lemma luxemburg_norm_le:
  assumes "k > 0" "(\<integral>\<^sup>+x. ennreal (\<Phi> (cmod (f x) / k)) \<partial>m) \<le> 1"
  shows "luxemburg_norm \<Phi> m f \<le> k"
  unfolding luxemburg_norm_def using assms by (intro cInf_lower) (auto intro: bdd_belowI[of _ 0])

lemma integral_indicator_eq_density_diff:
  fixes g :: "'a \<Rightarrow> real"
  assumes "integrable M g" "S \<in> sets M"
  shows "(\<integral>s. indicator S s * g s \<partial>M)
    = measure (density M (\<lambda>s. ennreal (g s))) S - measure (density M (\<lambda>s. ennreal (- g s))) S"
proof -
  have "integrable M (\<lambda>s. indicator S s * g s)"
    using integrable_real_mult_indicator[OF assms(2,1)] by (simp add: mult.commute)
  then have "(\<integral>s. indicator S s * g s \<partial>M) = enn2real (\<integral>\<^sup>+s. ennreal (indicator S s * g s) \<partial>M)
      - enn2real (\<integral>\<^sup>+s. ennreal (- (indicator S s * g s)) \<partial>M)"
    by (rule real_lebesgue_integral_def)
  also have "(\<integral>\<^sup>+s. ennreal (indicator S s * g s) \<partial>M) = emeasure (density M (\<lambda>s. ennreal (g s))) S"
    using assms by (subst emeasure_density) (auto intro!: nn_integral_cong simp: indicator_def)
  also have "(\<integral>\<^sup>+s. ennreal (- (indicator S s * g s)) \<partial>M) = emeasure (density M (\<lambda>s. ennreal (- g s))) S"
    using assms by (subst emeasure_density) (auto intro!: nn_integral_cong simp: indicator_def)
  finally show ?thesis
    by (simp add: measure_def)
qed

locale compact_haar =
  fixes m :: "'g::{topological_group_add, t2_space} measure"
  assumes compact_UNIV: "compact (UNIV :: 'g set)"
    and normalized_haar: "normalized_haar m"
begin

lemma finite_measure_haar: "finite_measure m"
  using normalized_haar by (intro finite_measureI) (simp add: normalized_haar_def)

sublocale finite_measure m
  by (rule finite_measure_haar)

lemma sets_haar: "sets m = sets borel"
  using normalized_haar by (simp add: normalized_haar_def regular_borel_def)

lemma space_haar: "space m = UNIV"
  using sets_eq_imp_space_eq[OF sets_haar] by simp

lemma emeasure_haar_outer:
  "A \<in> sets borel \<Longrightarrow> emeasure m A = (INF U\<in>{U. open U \<and> A \<subseteq> U}. emeasure m U)"
  using normalized_haar by (simp add: normalized_haar_def regular_borel_def)

lemma inner_regular_haar: "inner_regular m"
  using normalized_haar
  by (intro regular_borel_imp_inner_regular[OF compact_UNIV finite_measure_haar]) (simp add: normalized_haar_def)

lemma emeasure_haar_translate:
  assumes "A \<in> sets borel"
  shows "emeasure m {t. -s + t \<in> A} = emeasure m A"
proof -
  have "{t. -s + t \<in> A} = (\<lambda>y. s + y) ` A"
    by (auto simp: image_iff) (metis add_minus_cancel)
  then show ?thesis
    using normalized_haar assms by (simp add: normalized_haar_def)
qed

lemma translates_borel_measurable:
  assumes "inner_regular \<nu>" "open U"
  shows "(\<lambda>t. emeasure \<nu> {s. -s + t \<in> U}) \<in> borel_measurable m"
  using emeasure_slice_borel_measurable[OF assms(1) open_translate_pairs(1)[OF assms(2)] sets_haar]
  by simp

lemma nn_integral_translates_open:
  assumes "finite_measure \<nu>" "inner_regular \<nu>" "open U"
  shows "(\<integral>\<^sup>+t. emeasure \<nu> {s. -s + t \<in> U} \<partial>m) = emeasure \<nu> (space \<nu>) * emeasure m U"
proof (rule antisym)
  interpret N: finite_measure \<nu> by fact
  have U: "U \<in> sets borel"
    using assms(3) by (rule borel_open)
  have "(\<integral>\<^sup>+t. emeasure \<nu> {s. (s, t) \<in> {(s, t). -s + t \<in> U}} \<partial>m) \<le> emeasure \<nu> (space \<nu>) * emeasure m U"
  proof (rule nn_integral_slices_le[OF assms(1) finite_measure_haar assms(2) inner_regular_haar
        open_translate_pairs(1)[OF assms(3)]])
    fix R assume R: "R \<in> sets (\<nu> \<Otimes>\<^sub>M m)" "R \<subseteq> {(s, t). -s + t \<in> U}"
    have "emeasure (\<nu> \<Otimes>\<^sub>M m) R = (\<integral>\<^sup>+s. emeasure m (Pair s -` R) \<partial>\<nu>)"
      by (rule emeasure_pair_measure_alt[OF R(1)])
    also have "\<dots> \<le> (\<integral>\<^sup>+s. emeasure m {t. -s + t \<in> U} \<partial>\<nu>)"
      using R(2) sets_borel_translate_preimage(2)[OF U] sets_haar
      by (intro nn_integral_mono emeasure_mono) auto
    also have "\<dots> = emeasure \<nu> (space \<nu>) * emeasure m U"
      using emeasure_haar_translate[OF U] by (simp add: mult.commute)
    finally show "emeasure (\<nu> \<Otimes>\<^sub>M m) R \<le> emeasure \<nu> (space \<nu>) * emeasure m U" .
  qed
  then show "(\<integral>\<^sup>+t. emeasure \<nu> {s. -s + t \<in> U} \<partial>m) \<le> emeasure \<nu> (space \<nu>) * emeasure m U"
    by simp
  have "(\<integral>\<^sup>+s. emeasure m {t. (t, s) \<in> {(t, s). -s + t \<in> U}} \<partial>\<nu>) \<le> (\<integral>\<^sup>+t. emeasure \<nu> {s. -s + t \<in> U} \<partial>m)"
  proof (rule nn_integral_slices_le[OF finite_measure_haar assms(1) inner_regular_haar assms(2)
        open_translate_pairs(2)[OF assms(3)]])
    fix R assume R: "R \<in> sets (m \<Otimes>\<^sub>M \<nu>)" "R \<subseteq> {(t, s). -s + t \<in> U}"
    have "emeasure (m \<Otimes>\<^sub>M \<nu>) R = (\<integral>\<^sup>+t. emeasure \<nu> (Pair t -` R) \<partial>m)"
      by (rule N.emeasure_pair_measure_alt[OF R(1)])
    also have "\<dots> \<le> (\<integral>\<^sup>+t. emeasure \<nu> {s. -s + t \<in> U} \<partial>m)"
      using R(2) sets_borel_translate_preimage(1)[OF U] inner_regular_sets[OF assms(2)]
      by (intro nn_integral_mono emeasure_mono) auto
    finally show "emeasure (m \<Otimes>\<^sub>M \<nu>) R \<le> (\<integral>\<^sup>+t. emeasure \<nu> {s. -s + t \<in> U} \<partial>m)" .
  qed
  then show "emeasure \<nu> (space \<nu>) * emeasure m U \<le> (\<integral>\<^sup>+t. emeasure \<nu> {s. -s + t \<in> U} \<partial>m)"
    using emeasure_haar_translate[OF U] by (simp add: mult.commute)
qed

lemma nn_integral_translates_compact:
  assumes "finite_measure \<nu>" "inner_regular \<nu>" "compact K"
  shows "(\<integral>\<^sup>+t. emeasure \<nu> {s. -s + t \<in> K} \<partial>m) = emeasure \<nu> (space \<nu>) * emeasure m K"
proof -
  interpret N: finite_measure \<nu> by fact
  have U: "open (- K)" "- K \<in> sets borel" and K: "K \<in> sets borel"
    using assms(3) by (auto simp: compact_imp_closed borel_closed)
  have sets_\<nu>: "sets \<nu> = sets borel"
    using assms(2) by (rule inner_regular_sets)
  have slice: "emeasure \<nu> {s. -s + t \<in> K} = emeasure \<nu> (space \<nu>) - emeasure \<nu> {s. -s + t \<in> - K}" for t
  proof -
    have "{s. -s + t \<in> K} = space \<nu> - {s. -s + t \<in> - K}"
      using sets_eq_imp_space_eq[OF sets_\<nu>] by auto
    then show ?thesis
      using emeasure_compl[of "{s. -s + t \<in> - K}" \<nu>] sets_borel_translate_preimage(1)[OF U(2)] sets_\<nu>
      by simp
  qed
  have "(\<integral>\<^sup>+t. emeasure \<nu> {s. -s + t \<in> K} \<partial>m)
      = (\<integral>\<^sup>+t. emeasure \<nu> (space \<nu>) \<partial>m) - (\<integral>\<^sup>+t. emeasure \<nu> {s. -s + t \<in> - K} \<partial>m)"
    unfolding slice
  proof (rule nn_integral_diff)
    show "(\<lambda>t. emeasure \<nu> {s. -s + t \<in> - K}) \<in> borel_measurable m"
      by (rule translates_borel_measurable[OF assms(2) U(1)])
    show "(\<integral>\<^sup>+t. emeasure \<nu> {s. -s + t \<in> - K} \<partial>m) \<noteq> \<infinity>"
      unfolding nn_integral_translates_open[OF assms(1,2) U(1)]
      by (simp add: N.emeasure_eq_measure emeasure_eq_measure ennreal_mult_eq_top_iff)
    show "AE t in m. emeasure \<nu> {s. -s + t \<in> - K} \<le> emeasure \<nu> (space \<nu>)"
      by (intro AE_I2 emeasure_space)
  qed simp
  also have "\<dots> = emeasure \<nu> (space \<nu>) * (emeasure m (- K) + emeasure m K) - emeasure \<nu> (space \<nu>) * emeasure m (- K)"
    unfolding nn_integral_translates_open[OF assms(1,2) U(1)]
    using plus_emeasure[of "- K" m K] U(2) K sets_haar space_haar by simp
  also have "\<dots> = emeasure \<nu> (space \<nu>) * emeasure m K"
    by (simp add: distrib_left N.emeasure_eq_measure emeasure_eq_measure ennreal_mult_eq_top_iff)
  finally show ?thesis .
qed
• • • • • • •
▸ **About this task**:
The expected answer is every line in the data above that carries the string "fixes".

▸ **The answer**:
  fixes g :: "'a \<Rightarrow> real"
  fixes m :: "'g::{topological_group_add, t2_space} measure"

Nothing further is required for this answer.